--- Data provided Enclosed Below ---

(* In the setting and notation of the context, for every $x\in(-1,1)$, \[W(x)=V_-(x)V_-(x)^\ast=V_+(x)V_+(x)^\ast=\widehat V_-(x)\widehat V_-(x)^\ast=\widehat V_+(x)\widehat V_+(x)^\ast,\] where $V_\pm(x)=\lim_{\varepsilon\to0+}V(x\pm i\varepsilon)$ and $\widehat V_\pm(x)=\lim_{\varepsilon\to0+}\widehat V(x\pm i\varepsilon)$.
   Context: Fix $r\ge1$, $\alpha,\beta>-1$ and $H:[-1,1]\to\mathbb C^{r\times r}$ with $H(x)$ Hermitian positive definite for $x\in(-1,1)$, $H$ real analytic on $[-1,1]$, and $H(\pm1)$ not the zero matrix. Put $W(x)=(1-x)^\alpha(1+x)^\beta H(x)$. Fix a factorization $H(x)=Q(x)\Lambda(x)Q(x)^\ast$ on $[-1,1]$ with $Q(x)$ unitary, $\Lambda(x)=\mathrm{diag}(\lambda_1(x),\dots,\lambda_r(x))$, and $Q,\Lambda$ real analytic on $[-1,1]$ (such a choice exists by Rellich's theorem); $Q,\lambda_j$ also denote their analytic continuations to a convex complex neighborhood $N$ of $[-1,1]$ in which no $\lambda_j$ vanishes except possibly at $\pm1$. Let $n_j$ (resp. $m_j$) be the order of vanishing of $\lambda_j$ at $1$ (resp. $-1$), equal to $0$ if $\lambda_j$ does not vanish there. Set $\widetilde\lambda_j=(-1)^{n_j}\lambda_j$ (positive on $(1,1+\delta)$ for small $\delta>0$) and let $\widetilde\lambda_j^{1/2}$ be the analytic continuation to $N\setminus(-\infty,1]$ of its positive square root on $(1,1+\delta)$; define $V(z)=(z-1)^{\alpha/2}(z+1)^{\beta/2}Q(z)\,\mathrm{diag}(\widetilde\lambda_1(z)^{1/2},\dots,\widetilde\lambda_r(z)^{1/2})$ on $N\setminus(-\infty,1]$ (principal branches). Similarly set $\widehat\lambda_j=(-1)^{m_j}\lambda_j$ (positive on $(-1-\delta,-1)$), let $\widehat\lambda_j^{1/2}$ be the analytic continuation to $N\setminus[-1,\infty)$ of its positive square root on $(-1-\delta,-1)$, and define $\widehat V(z)=(1-z)^{\alpha/2}(-1-z)^{\beta/2}Q(z)\,\mathrm{diag}(\widehat\lambda_1(z)^{1/2},\dots,\widehat\lambda_r(z)^{1/2})$ on $N\setminus[-1,\infty)$ (principal branches). *)

theory Defs
  imports "HOL-Complex_Analysis.Complex_Analysis"
begin

(* r x r complex matrices are rendered as complex^'n^'n with r = CARD('n) *)

definition mat_adj :: "complex^'n^'m \<Rightarrow> complex^'m^'n" where
  "mat_adj A = (\<chi> i j. cnj (A $ j $ i))"

definition cdiag :: "('n \<Rightarrow> complex) \<Rightarrow> complex^'n^'n" where
  "cdiag d = (\<chi> i j. if i = j then d i else 0)"

definition cscale :: "complex \<Rightarrow> complex^'n^'m \<Rightarrow> complex^'n^'m" where
  "cscale c A = (\<chi> i j. c * A $ i $ j)"

definition unitary_mat :: "complex^'n^'n \<Rightarrow> bool" where
  "unitary_mat U \<longleftrightarrow> U ** mat_adj U = mat 1 \<and> mat_adj U ** U = mat 1"

definition herm_pos_def :: "complex^'n^'n \<Rightarrow> bool" where
  "herm_pos_def A \<longleftrightarrow> mat_adj A = A \<and>
     (\<forall>v::complex^'n. v \<noteq> 0 \<longrightarrow>
        (let q = (\<Sum>i\<in>UNIV. \<Sum>j\<in>UNIV. cnj (v $ i) * A $ i $ j * v $ j) in Im q = 0 \<and> Re q > 0))"

definition vanish_order :: "(complex \<Rightarrow> complex) \<Rightarrow> complex \<Rightarrow> nat" where
  "vanish_order f z = nat (zorder f z)"

(* V(z) = (z-1)^(alpha/2) (z+1)^(beta/2) Q(z) diag(s_1(z),...,s_r(z)), principal branches *)
definition V_plus1 :: "real \<Rightarrow> real \<Rightarrow> (complex \<Rightarrow> complex^'n^'n) \<Rightarrow> ('n \<Rightarrow> complex \<Rightarrow> complex)
     \<Rightarrow> complex \<Rightarrow> complex^'n^'n" where
  "V_plus1 \<alpha> \<beta> Q s z =
     cscale ((z - 1) powr (of_real (\<alpha>/2)) * (z + 1) powr (of_real (\<beta>/2)))
            (Q z ** cdiag (\<lambda>j. s j z))"

(* hat V(z) = (1-z)^(alpha/2) (-1-z)^(beta/2) Q(z) diag(t_1(z),...,t_r(z)), principal branches *)
definition V_minus1 :: "real \<Rightarrow> real \<Rightarrow> (complex \<Rightarrow> complex^'n^'n) \<Rightarrow> ('n \<Rightarrow> complex \<Rightarrow> complex)
     \<Rightarrow> complex \<Rightarrow> complex^'n^'n" where
  "V_minus1 \<alpha> \<beta> Q t z =
     cscale ((1 - z) powr (of_real (\<alpha>/2)) * (-1 - z) powr (of_real (\<beta>/2)))
            (Q z ** cdiag (\<lambda>j. t j z))"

--- End of Enclosed Data provided ---

## [Exercise]
Throughout the data, tally the lines that hold the string "cdiag" and report the tally alone.

## [Answer to this task]
4